No longer did I have to invent myself.  That phrase struck me so deeply this week, that I’ve been thinking about it for days.  I scribbled it on scrap paper and stuffed it between the frame and glass of the mirror that sits in our kitchen.  I wrote it across my Moleskin notebook so I won’t forget it.  A freedom from the pressure to build a masterpiece that outshines the one next to us.  I often live life with my private faith compartmentalized in one corner and my public persona in another, with my daily realities and roles of wife, mother, and self somewhere in between.  Do you do this? Along the way, I’ve put this enormous pressure on myself to be an adventurer, to forge this untraveled path of my own.  In short, to invent myself, as Rosaria states so eloquently.  It promises to be exciting and unknown and I always receive the message that if I am not a free spirit wanderer,  (or an eloquent writer of profound words) I’ve settled for “less than” in this life.  That if I’m not living the fast-paced, well-traveled life, then I’m not really “living”.  (Thank you Pinterest for solidifying this with all your simplified quotes on the meaning of life with the ocean as a backdrop.)

What if the adventure is right here, in the quiet recesses of my own heart, mind, and soul?

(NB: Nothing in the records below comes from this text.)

text \<open>The refined colour is tested by the old colour together with one count test for every
  neighbour label that occurs in \<open>M\<close> or is realised in \<open>Gs\<close>.\<close>
lemma colour_indicator_Refine:
  assumes "finite Gs" "Gs \<subseteq> graphs n l" "1 \<le> k"
    and colours: "\<And>c. \<exists>\<phi>. \<phi> \<in> TL l \<Omega> (k + 1) t \<and> free_vars \<phi> \<subseteq> {1..k} \<and>
      indicates n Gs \<phi> (\<lambda>Z \<nu>. wl n l Z t (tuple_of k \<nu>) = c)"
  shows "\<exists>\<phi>. \<phi> \<in> TL l \<Omega> (k + 1) (Suc t) \<and> free_vars \<phi> \<subseteq> {1..k} \<and>
      indicates n Gs \<phi> (\<lambda>Z \<nu>. wl n l Z (Suc t) (tuple_of k \<nu>) = Refine c0 M)"
proof -
  obtain \<phi>0 where \<phi>0: "\<phi>0 \<in> TL l \<Omega> (k + 1) t" "free_vars \<phi>0 \<subseteq> {1..k}"
    "indicates n Gs \<phi>0 (\<lambda>Z \<nu>. wl n l Z t (tuple_of k \<nu>) = c0)"
    using colours by blast
  have "\<forall>e. \<exists>\<psi>. \<psi> \<in> TL l \<Omega> (k + 1) (Suc t) \<and> free_vars \<psi> \<subseteq> {1..k} \<and>
      indicates n Gs \<psi> (\<lambda>Z \<nu>. count (neighbours n l Z t (tuple_of k \<nu>)) e = count M e)"
    by (intro allI neighbour_count_indicator_exists[OF assms])
  then obtain N where "\<forall>e. N e \<in> TL l \<Omega> (k + 1) (Suc t) \<and> free_vars (N e) \<subseteq> {1..k} \<and>
      indicates n Gs (N e) (\<lambda>Z \<nu>. count (neighbours n l Z t (tuple_of k \<nu>)) e = count M e)"
    by (rule choice[THEN exE])
  then have N_TL: "\<And>e. N e \<in> TL l \<Omega> (k + 1) (Suc t)" and N_free: "\<And>e. free_vars (N e) \<subseteq> {1..k}"
    and N_ind: "\<And>e. indicates n Gs (N e) (\<lambda>Z \<nu>. count (neighbours n l Z t (tuple_of k \<nu>)) e = count M e)"
    by blast+
  define labels where
    "labels = (\<Union>Z\<in>Gs. \<Union>v\<in>tuples n k. set_mset (neighbours n l Z t v)) \<union> set_mset M"
  have "finite labels"
    unfolding labels_def using assms(1) finite_tuples by auto
  define \<phi> where "\<phi> = Mul \<phi>0 (Prod_over N labels)"
  have "\<phi> \<in> TL l \<Omega> (k + 1) (Suc t)"
    unfolding \<phi>_def using \<phi>0(1) TL_mono[of t "Suc t"] N_TL \<open>finite labels\<close>
    by (auto intro!: Prod_over_in_TL)
  moreover have "free_vars \<phi> \<subseteq> {1..k}"
    unfolding \<phi>_def using \<phi>0(2) N_free \<open>finite labels\<close> \<open>1 \<le> k\<close>
    by (simp add: free_vars_Prod_over UN_subset_iff)
  moreover have "indicates n Gs \<phi> (\<lambda>Z \<nu>. wl n l Z t (tuple_of k \<nu>) = c0 \<and>
      (\<forall>e\<in>labels. count (neighbours n l Z t (tuple_of k \<nu>)) e = count M e))"
    unfolding \<phi>_def using \<phi>0(3) N_ind \<open>finite labels\<close> by (intro indicates_Mul indicates_Prod_over)
  then have "indicates n Gs \<phi> (\<lambda>Z \<nu>. wl n l Z (Suc t) (tuple_of k \<nu>) = Refine c0 M)"
  proof (rule indicates_cong)
    fix Z and \<nu> :: "nat \<Rightarrow> nat" assume "Z \<in> Gs" "range \<nu> \<subseteq> {1..n}"
    then have "set_mset (neighbours n l Z t (tuple_of k \<nu>)) \<subseteq> labels"
      unfolding labels_def
      using UN_upper[OF tuple_of_in_tuples, of \<nu> n "\<lambda>v. set_mset (neighbours n l Z t v)" k]
        UN_upper[of Z Gs "\<lambda>Z. \<Union>v\<in>tuples n k. set_mset (neighbours n l Z t v)"] by blast
    moreover have "set_mset M \<subseteq> labels"
      unfolding labels_def by blast
    ultimately show "(wl n l Z t (tuple_of k \<nu>) = c0 \<and>
        (\<forall>e\<in>labels. count (neighbours n l Z t (tuple_of k \<nu>)) e = count M e))
      \<longleftrightarrow> wl n l Z (Suc t) (tuple_of k \<nu>) = Refine c0 M"
      by (simp only: wl_Suc_eq_Refine_iff)
  qed
  ultimately show ?thesis
    by blast
qed

lemma colour_indicator_exists:
  assumes "finite Gs" "Gs \<subseteq> graphs n l" "1 \<le> k"
  shows "\<exists>\<phi>. \<phi> \<in> TL l \<Omega> (k + 1) t \<and> free_vars \<phi> \<subseteq> {1..k} \<and>
      indicates n Gs \<phi> (\<lambda>Z \<nu>. wl n l Z t (tuple_of k \<nu>) = c)"
proof (induction t arbitrary: c)
  case 0
  show ?case
  proof (cases c)
    case (Base a)
    obtain \<phi> where "\<phi> \<in> TL l \<Omega> (k + 1) 0" "free_vars \<phi> \<subseteq> {1..k}"
      "indicates n Gs \<phi> (\<lambda>Z \<nu>. atp l Z (tuple_of k \<nu>) = a)"
      using atp_indicator_exists[OF assms, where K = "k + 1" and \<Omega> = \<Omega> and a = a] by auto
    then show ?thesis
      unfolding Base by (auto elim!: indicates_cong)
  next
    case (Refine c0 M)
    then show ?thesis
      using \<open>1 \<le> k\<close> by (intro exI[of _ Zero_expr]) (simp add: indicates_Zero_expr)
  qed
next
  case (Suc t)
  show ?case
  proof (cases c)
    case (Base a)
    then show ?thesis
      using \<open>1 \<le> k\<close> by (intro exI[of _ Zero_expr]) (simp add: indicates_Zero_expr)
  next
    case (Refine c0 M)
    then show ?thesis
      using colour_indicator_Refine[OF assms Suc.IH] by blast
  qed
qed

lemma sem_Sums_colour_indicator:
  assumes "indicates n Gs \<phi> (\<lambda>Z \<nu>. wl n l Z t (tuple_of k \<nu>) = c)" "Z \<in> Gs" "range \<nu> \<subseteq> {1..n}"
  shows "sem n Z \<nu> (Sums [1..<Suc k] \<phi>) = real (count (gwl n l k t Z) c)"
proof -
  have "sem n Z (fun_upds \<nu> [1..<Suc k] w) \<phi> = (if wl n l Z t w = c then 1 else 0)"
    if "w \<in> tuples n k" for w
  proof -
    have "length w = length [1..<Suc k]" "set w \<subseteq> {1..n}"
      using that unfolding tuples_def by auto
    then have "range (fun_upds \<nu> [1..<Suc k] w) \<subseteq> {1..n}"
      "tuple_of k (fun_upds \<nu> [1..<Suc k] w) = w"
      using range_fun_upds[OF assms(3)] map_fun_upds[of "[1..<Suc k]" w \<nu>] unfolding tuple_of_def by auto
    then show ?thesis
      using indicatesD[OF assms(1,2)] by metis
  qed
  then have "sem n Z \<nu> (Sums [1..<Suc k] \<phi>) = (\<Sum>w\<in>tuples n k. if wl n l Z t w = c then 1 else 0)"
    by (simp add: sem_Sums del: upt_Suc)
  also have "\<dots> = real (count (gwl n l k t Z) c)"
    unfolding gwl_def by (rule sum_indicator_eq_count[OF finite_tuples])
  finally show ?thesis .
qed

lemma gwl_eq_if_TL_eq:
  assumes "(G, H) \<in> rho0_TL n l (TL l \<Omega> (k + 1) (t + k))" "1 \<le> k" "1 \<le> n"
  shows "gwl n l k t G = gwl n l k t H"
proof (rule multiset_eqI)
  fix c
  have graphs: "{G, H} \<subseteq> graphs n l"
    using assms(1) unfolding rho0_TL_def by auto
  obtain \<phi> where \<phi>: "\<phi> \<in> TL l \<Omega> (k + 1) t" "free_vars \<phi> \<subseteq> {1..k}"
    "indicates n {G, H} \<phi> (\<lambda>Z \<nu>. wl n l Z t (tuple_of k \<nu>) = c)"
    using colour_indicator_exists[OF _ graphs assms(2)] by blast
  define \<nu> :: "nat \<Rightarrow> nat" where "\<nu> = (\<lambda>_. 1)"
  have "range \<nu> \<subseteq> {1..n}"
    using assms(3) unfolding \<nu>_def by auto
  moreover have "Sums [1..<Suc k] \<phi> \<in> TL l \<Omega> (k + 1) (t + k)"
    using Sums_in_TL[OF _ \<phi>(1), of "[1..<Suc k]"] by (simp add: subset_iff del: upt_Suc)
  moreover have "free_vars (Sums [1..<Suc k] \<phi>) = {}"
    using \<phi>(2) by (auto simp: free_vars_Sums simp del: upt_Suc)
  ultimately have "sem n G \<nu> (Sums [1..<Suc k] \<phi>) = sem n H \<nu> (Sums [1..<Suc k] \<phi>)"
    using assms(1) unfolding rho0_TL_def by blast
  then show "count (gwl n l k t G) c = count (gwl n l k t H) c"
    using sem_Sums_colour_indicator[OF \<phi>(3)] \<open>range \<nu> \<subseteq> {1..n}\<close> by simp
qed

I’m not talking about the often over-stated idea of “just” counting your blessings, finding contentment, and being thankful for what you have.  All of those things are true, but we often say them so much, in such a flippant, off-handed way.  Or we count those blessings just to cope….to make ourselves feel better about the bad without ever really getting to close to it….like plugging our ears and closing our eyes and saying, “I’m not listening!” to what is around us, even if we are suppose to look at it and hear it and learn from it.  I’m just too used to those phrases glossing over what is going on at a deeper level, and those ideas have slowly lost their meaning for me.   Again, like saying a word over and over until it sounds nonsensical.  I’m talking about sitting and facing yourself fully, looking deeply into the soul, looking deeply into the soul of others, trudging through big, enormous questions of life, and pushing past the fear of what answers are to be found.

Often, the would-be adventurer is a wanderer, running away from their own solitude out of fear.  Don’t let that fear rule.

So I write on this blog, not because I am an eloquent writer (I mash up my phrases and edit too quickly all the time.  I use “but” and “and” as sentence starters often, which is breaking the golden rules of writing, and I am always in internal turmoil over this fact.  I am a hopeless “rusher”.  I’ve edited this post four times and I’m just ready to click publish, for crying out loud.)  I write because the soul is a combination of intellect and emotion, and this life is made up of reality and truth, and I like to find it in the ordinary corners of days and weeks and months and years. So I promise to wrestle with the questions and share what I learn, and how I fall, and how I get up, and why I can even get up.

Thank you for letting me think and live out loud.  Thank you for listening.